Isabelle Garnett, an autism campaigner whose teenage son suffered terribly when taken into an ATU for almost two years, said people with autism and learning disabilities were placed in mental health hospitals due to lack of appropriate services in local communities.
‘Once they are admitted to hospital, people with autism are set up to fail,’ she said. ‘Being ripped away from all that they know and all who love them causes yet more stress.
‘The inappropriate hospital environment, care and treatment increases anxiety and consequently there is more challenging behaviour. This is the most vicious of circles: the hospital becomes the cause of the child’s continued detention.’
Tory MP Charles Walker, who has campaigned on mental health issues, said: ‘This seems like a system designed to burn through lives and burn through money.’
Sent away for nine months…still locked up after 18 years
Tony Hickmott is an autistic man whose mother Pam said ‘never harmed anyone in the community’ when living at home in Brighton. He was sent away supposedly for nine months, but has now, shamefully, spent almost 18 years in ATUs.
‘We were happy to care for him but just needed a little respite help,’ said Pam, 74, a retired hospital supervisor. ‘Instead, they took him away.’
She and her husband Roy had to fight in court to remain his legal guardians. They say he has been stuck in lonely seclusion, abused, restrained and had his arm badly broken in three places.
Although Tony is now 41 years old, he has to ask staff even to turn on his television. Yet despite their advancing years, his parents visit him every week in, all weathers, a 240-mile round trip from Brighton to Canterbury.
‘Our beloved son has lived half his life in an institution which has been heartless and cold,’ said his mother. ‘His right to a decent quality of life was taken away from him and so was his family.
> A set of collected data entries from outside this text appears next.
lemma has_light_cycle_unsuppress:
  fixes w :: "'e \<Rightarrow> nat"
  assumes v: "v \<in> V" and e12: "e1 \<in> E" "e2 \<in> E" "e1 \<noteq> e2" and fin: "finite E"
    and ends12: "ends e1 = {v, u}" "ends e2 = {v, x}"
    and light: "has_light_cycle j (V - {v}) (E - {e2}) (ends(e1 := {u, x})) (w(e1 := w e1 + w e2))"
  shows "has_light_cycle j V E ends w"
proof -
  let ?w = "w(e1 := w e1 + w e2)"
  have merged: "sum ?w A = sum w (if e1 \<in> A then insert e2 A else A)" if "finite A" "e2 \<notin> A" for A
  proof (cases "e1 \<in> A")
    case True
    then have "sum ?w A = w e1 + w e2 + sum w (A - {e1})"
      using that by (simp add: sum.remove)
    also have "\<dots> = sum w (insert e2 A)"
      using that True by (simp add: sum.remove)
    finally show ?thesis using True by simp
  qed (auto intro: sum.cong)
  obtain vs es where cyc: "is_cycle (V - {v}) (E - {e2}) (ends(e1 := {u, x})) vs es"
    and c: "(j + 2) * sum ?w (set es) \<le> 2 * sum ?w (E - {e2})"
    using light by (auto simp: has_light_cycle_def)
  obtain vs' es' where cyc': "is_cycle V E ends vs' es'"
    and es': "set es' = (if e1 \<in> set es then insert e2 (set es) else set es)"
    using is_cycle_unsuppress[OF v e12(1-3) ends12 cyc] .
  have "e2 \<notin> set es" using cyc by (auto simp: is_cycle_def)
  then have "sum ?w (set es) = sum w (set es')" using es' merged by simp
  moreover have "sum ?w (E - {e2}) = sum w E"
    using merged[of "E - {e2}"] e12 fin by (simp add: insert_absorb)
  ultimately show ?thesis using cyc' c by (auto simp: has_light_cycle_def)
qed

lemma has_light_cycle_K4:
  fixes w :: "'e \<Rightarrow> nat"
  assumes simple: "simple_graph V E ends" and cV: "card V = 4"
    and deg: "\<forall>v\<in>V. 3 \<le> degree E ends v"
  shows "has_light_cycle 2 V E ends w"
proof -
  define T where "T d = sum w {e\<in>E. d \<notin> ends e}" for d
  have fin: "finite V" "V \<noteq> {}"
    using simple cV by (auto simp: simple_graph_def multigraph_def)
  define d where "d = arg_min_on T V"
  have d: "d \<in> V" "\<And>x. x \<in> V \<Longrightarrow> T d \<le> T x"
    using arg_min_if_finite[OF fin, of T] by (auto simp: d_def not_less)
  have "4 * T d = (\<Sum>x\<in>V. T d)" using cV by simp
  also have "\<dots> \<le> (\<Sum>x\<in>V. T x)" using d(2) by (rule sum_mono)
  also have "\<dots> = 2 * sum w E"
    using sum_avoiding_weights_simple_graph[OF simple, of w] cV by (simp add: T_def)
  finally have light: "4 * T d \<le> 2 * sum w E" .
  obtain vs es where cyc: "is_cycle V E ends vs es" and es: "set es = {e\<in>E. d \<notin> ends e}"
    using triangle_avoiding_vertex[OF simple cV deg d(1)] .
  have "(2 + 2) * sum w (set es) \<le> 2 * sum w E" using light by (simp add: es T_def)
  then show ?thesis using cyc unfolding has_light_cycle_def by blast
qed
This has destroyed our lives also. We are very bitter. Yet he has done nothing wrong.’
The suffering that ended in tragedy for Stephanie
Stephanie Bincliffe left school at 16 and lived alone with support from a carer, despite a difficult form of autism called Pathological Demand Avoidance. But two years later she was sectioned, locked in a private mental unit and put in solitary confinement, compounding her anxieties and alienation.
For two years, she had to use wet wipes and a bedpan since there was no bath, shower or toilet. She was 15st stone when shut away. After seven years, her weight had soared by more than ten stone and she died in 2013 from heart failure and sleep apnoea caused by obesity.